## Source information

---------------

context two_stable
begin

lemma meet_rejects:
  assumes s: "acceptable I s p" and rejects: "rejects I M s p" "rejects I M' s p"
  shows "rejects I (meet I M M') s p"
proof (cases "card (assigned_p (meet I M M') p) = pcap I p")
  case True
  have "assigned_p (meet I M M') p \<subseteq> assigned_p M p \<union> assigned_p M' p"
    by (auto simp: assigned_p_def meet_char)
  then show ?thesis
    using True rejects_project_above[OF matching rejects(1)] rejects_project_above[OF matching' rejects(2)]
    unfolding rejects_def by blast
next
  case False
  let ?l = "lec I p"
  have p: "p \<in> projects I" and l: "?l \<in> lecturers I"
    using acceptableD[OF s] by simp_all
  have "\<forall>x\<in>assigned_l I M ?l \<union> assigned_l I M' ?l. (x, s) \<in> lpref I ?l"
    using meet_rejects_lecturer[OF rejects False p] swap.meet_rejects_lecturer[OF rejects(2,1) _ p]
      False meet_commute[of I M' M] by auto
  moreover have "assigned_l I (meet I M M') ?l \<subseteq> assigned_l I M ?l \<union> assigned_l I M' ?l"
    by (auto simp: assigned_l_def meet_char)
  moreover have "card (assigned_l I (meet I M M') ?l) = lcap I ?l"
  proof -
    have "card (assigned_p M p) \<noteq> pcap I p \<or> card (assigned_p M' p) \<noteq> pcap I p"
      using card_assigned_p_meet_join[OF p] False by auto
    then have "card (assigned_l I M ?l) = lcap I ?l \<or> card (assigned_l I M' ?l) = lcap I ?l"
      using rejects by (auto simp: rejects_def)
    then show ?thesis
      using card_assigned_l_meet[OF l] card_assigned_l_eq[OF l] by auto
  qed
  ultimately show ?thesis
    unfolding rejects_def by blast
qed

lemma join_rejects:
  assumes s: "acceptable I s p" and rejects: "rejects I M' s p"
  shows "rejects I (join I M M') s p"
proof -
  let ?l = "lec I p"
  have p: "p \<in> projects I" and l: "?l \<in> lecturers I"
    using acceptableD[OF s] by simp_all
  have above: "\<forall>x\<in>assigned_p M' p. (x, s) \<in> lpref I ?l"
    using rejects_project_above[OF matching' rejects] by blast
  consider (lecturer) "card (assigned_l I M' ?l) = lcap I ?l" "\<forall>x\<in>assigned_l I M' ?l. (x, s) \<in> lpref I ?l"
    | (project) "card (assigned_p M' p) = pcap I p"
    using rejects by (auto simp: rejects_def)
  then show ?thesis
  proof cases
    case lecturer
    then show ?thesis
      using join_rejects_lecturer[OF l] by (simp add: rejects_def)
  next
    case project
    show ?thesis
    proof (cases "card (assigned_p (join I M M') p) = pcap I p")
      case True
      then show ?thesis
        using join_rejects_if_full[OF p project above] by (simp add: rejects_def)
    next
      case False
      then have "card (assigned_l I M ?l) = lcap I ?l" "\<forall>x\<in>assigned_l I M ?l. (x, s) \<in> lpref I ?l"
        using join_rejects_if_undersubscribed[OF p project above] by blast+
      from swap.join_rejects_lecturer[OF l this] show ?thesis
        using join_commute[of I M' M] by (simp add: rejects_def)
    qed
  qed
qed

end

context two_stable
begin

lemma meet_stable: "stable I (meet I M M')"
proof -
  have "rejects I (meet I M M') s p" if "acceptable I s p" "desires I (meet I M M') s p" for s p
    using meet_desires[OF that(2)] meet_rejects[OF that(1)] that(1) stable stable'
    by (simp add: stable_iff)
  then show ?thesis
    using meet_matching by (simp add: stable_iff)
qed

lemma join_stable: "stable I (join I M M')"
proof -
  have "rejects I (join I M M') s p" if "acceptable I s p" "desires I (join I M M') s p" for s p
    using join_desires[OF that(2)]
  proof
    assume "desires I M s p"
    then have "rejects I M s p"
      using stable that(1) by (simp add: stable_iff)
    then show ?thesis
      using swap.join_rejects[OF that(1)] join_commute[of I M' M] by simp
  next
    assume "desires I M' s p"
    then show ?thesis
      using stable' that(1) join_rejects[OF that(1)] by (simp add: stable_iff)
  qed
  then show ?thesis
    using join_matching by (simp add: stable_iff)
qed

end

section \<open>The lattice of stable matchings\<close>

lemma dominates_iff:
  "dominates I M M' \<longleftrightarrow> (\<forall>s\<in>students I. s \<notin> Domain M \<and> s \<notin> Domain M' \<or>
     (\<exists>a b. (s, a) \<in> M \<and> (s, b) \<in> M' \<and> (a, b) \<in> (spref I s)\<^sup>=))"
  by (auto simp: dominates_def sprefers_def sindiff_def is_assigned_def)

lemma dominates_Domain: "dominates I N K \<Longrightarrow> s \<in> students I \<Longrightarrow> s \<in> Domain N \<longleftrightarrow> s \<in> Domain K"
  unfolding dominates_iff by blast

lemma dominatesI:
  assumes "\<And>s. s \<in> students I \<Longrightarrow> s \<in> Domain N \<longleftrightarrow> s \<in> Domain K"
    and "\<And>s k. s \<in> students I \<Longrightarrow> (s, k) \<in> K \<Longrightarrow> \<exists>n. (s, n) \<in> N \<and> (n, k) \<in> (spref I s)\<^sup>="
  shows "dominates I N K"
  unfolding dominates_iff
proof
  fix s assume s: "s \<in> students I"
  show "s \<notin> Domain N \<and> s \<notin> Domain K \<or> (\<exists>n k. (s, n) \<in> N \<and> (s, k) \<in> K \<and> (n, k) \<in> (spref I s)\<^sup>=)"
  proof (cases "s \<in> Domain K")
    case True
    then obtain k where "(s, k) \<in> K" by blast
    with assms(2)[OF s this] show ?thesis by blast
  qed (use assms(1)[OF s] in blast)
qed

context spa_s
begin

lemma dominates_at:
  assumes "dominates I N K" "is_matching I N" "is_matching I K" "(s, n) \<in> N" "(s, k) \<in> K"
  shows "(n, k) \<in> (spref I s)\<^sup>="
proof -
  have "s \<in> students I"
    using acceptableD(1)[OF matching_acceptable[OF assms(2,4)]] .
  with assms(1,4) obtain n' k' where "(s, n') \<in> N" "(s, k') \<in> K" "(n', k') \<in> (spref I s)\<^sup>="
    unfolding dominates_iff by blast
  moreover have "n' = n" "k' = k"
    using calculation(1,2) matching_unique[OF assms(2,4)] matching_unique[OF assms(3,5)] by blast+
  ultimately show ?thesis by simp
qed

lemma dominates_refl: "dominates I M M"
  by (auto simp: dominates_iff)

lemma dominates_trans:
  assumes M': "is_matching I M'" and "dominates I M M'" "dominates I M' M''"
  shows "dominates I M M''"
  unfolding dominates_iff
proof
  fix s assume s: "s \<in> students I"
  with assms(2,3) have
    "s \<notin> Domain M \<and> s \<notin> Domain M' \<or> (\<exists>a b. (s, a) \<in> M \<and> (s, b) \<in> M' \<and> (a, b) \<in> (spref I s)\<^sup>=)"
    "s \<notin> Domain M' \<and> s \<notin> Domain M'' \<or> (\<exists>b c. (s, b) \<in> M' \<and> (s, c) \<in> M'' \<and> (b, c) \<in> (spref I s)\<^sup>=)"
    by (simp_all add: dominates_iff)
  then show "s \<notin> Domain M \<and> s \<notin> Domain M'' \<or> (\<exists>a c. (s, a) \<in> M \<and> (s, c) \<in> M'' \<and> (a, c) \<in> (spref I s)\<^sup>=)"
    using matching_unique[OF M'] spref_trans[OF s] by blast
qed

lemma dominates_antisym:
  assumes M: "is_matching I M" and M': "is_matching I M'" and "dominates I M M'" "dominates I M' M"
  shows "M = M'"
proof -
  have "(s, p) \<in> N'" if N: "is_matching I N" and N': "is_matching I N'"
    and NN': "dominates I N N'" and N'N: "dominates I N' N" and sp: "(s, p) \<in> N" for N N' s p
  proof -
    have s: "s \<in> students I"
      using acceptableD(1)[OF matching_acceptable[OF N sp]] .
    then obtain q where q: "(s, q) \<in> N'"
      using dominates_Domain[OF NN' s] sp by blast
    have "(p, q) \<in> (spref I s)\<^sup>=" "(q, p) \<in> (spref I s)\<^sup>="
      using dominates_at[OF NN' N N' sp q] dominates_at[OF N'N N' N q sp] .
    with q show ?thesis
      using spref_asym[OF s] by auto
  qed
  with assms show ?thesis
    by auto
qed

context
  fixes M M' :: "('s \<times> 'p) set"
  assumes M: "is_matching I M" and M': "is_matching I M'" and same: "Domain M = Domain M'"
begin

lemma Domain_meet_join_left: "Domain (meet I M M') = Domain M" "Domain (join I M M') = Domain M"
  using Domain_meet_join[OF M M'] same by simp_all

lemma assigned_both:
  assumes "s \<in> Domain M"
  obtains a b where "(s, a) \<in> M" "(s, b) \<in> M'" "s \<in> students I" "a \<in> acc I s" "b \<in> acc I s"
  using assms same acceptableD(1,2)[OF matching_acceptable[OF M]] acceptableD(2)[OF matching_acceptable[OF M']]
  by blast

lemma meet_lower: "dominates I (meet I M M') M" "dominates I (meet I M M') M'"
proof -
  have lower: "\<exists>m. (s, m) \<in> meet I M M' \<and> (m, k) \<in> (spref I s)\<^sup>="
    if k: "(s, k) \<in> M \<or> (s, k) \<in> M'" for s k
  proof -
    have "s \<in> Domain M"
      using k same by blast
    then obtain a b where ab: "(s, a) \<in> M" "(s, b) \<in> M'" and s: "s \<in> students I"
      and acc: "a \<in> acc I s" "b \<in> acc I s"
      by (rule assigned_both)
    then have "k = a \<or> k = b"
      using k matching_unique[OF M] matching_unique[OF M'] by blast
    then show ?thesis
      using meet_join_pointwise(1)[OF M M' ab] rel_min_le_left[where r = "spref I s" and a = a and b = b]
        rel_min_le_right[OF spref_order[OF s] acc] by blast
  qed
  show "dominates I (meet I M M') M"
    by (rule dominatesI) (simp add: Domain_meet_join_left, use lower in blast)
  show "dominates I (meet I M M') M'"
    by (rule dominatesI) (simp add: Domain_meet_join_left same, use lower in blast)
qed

---------------

Your task is to copy every line in the entries that holds the string "ultimately".

  ultimately show ?thesis
  ultimately show ?thesis by simp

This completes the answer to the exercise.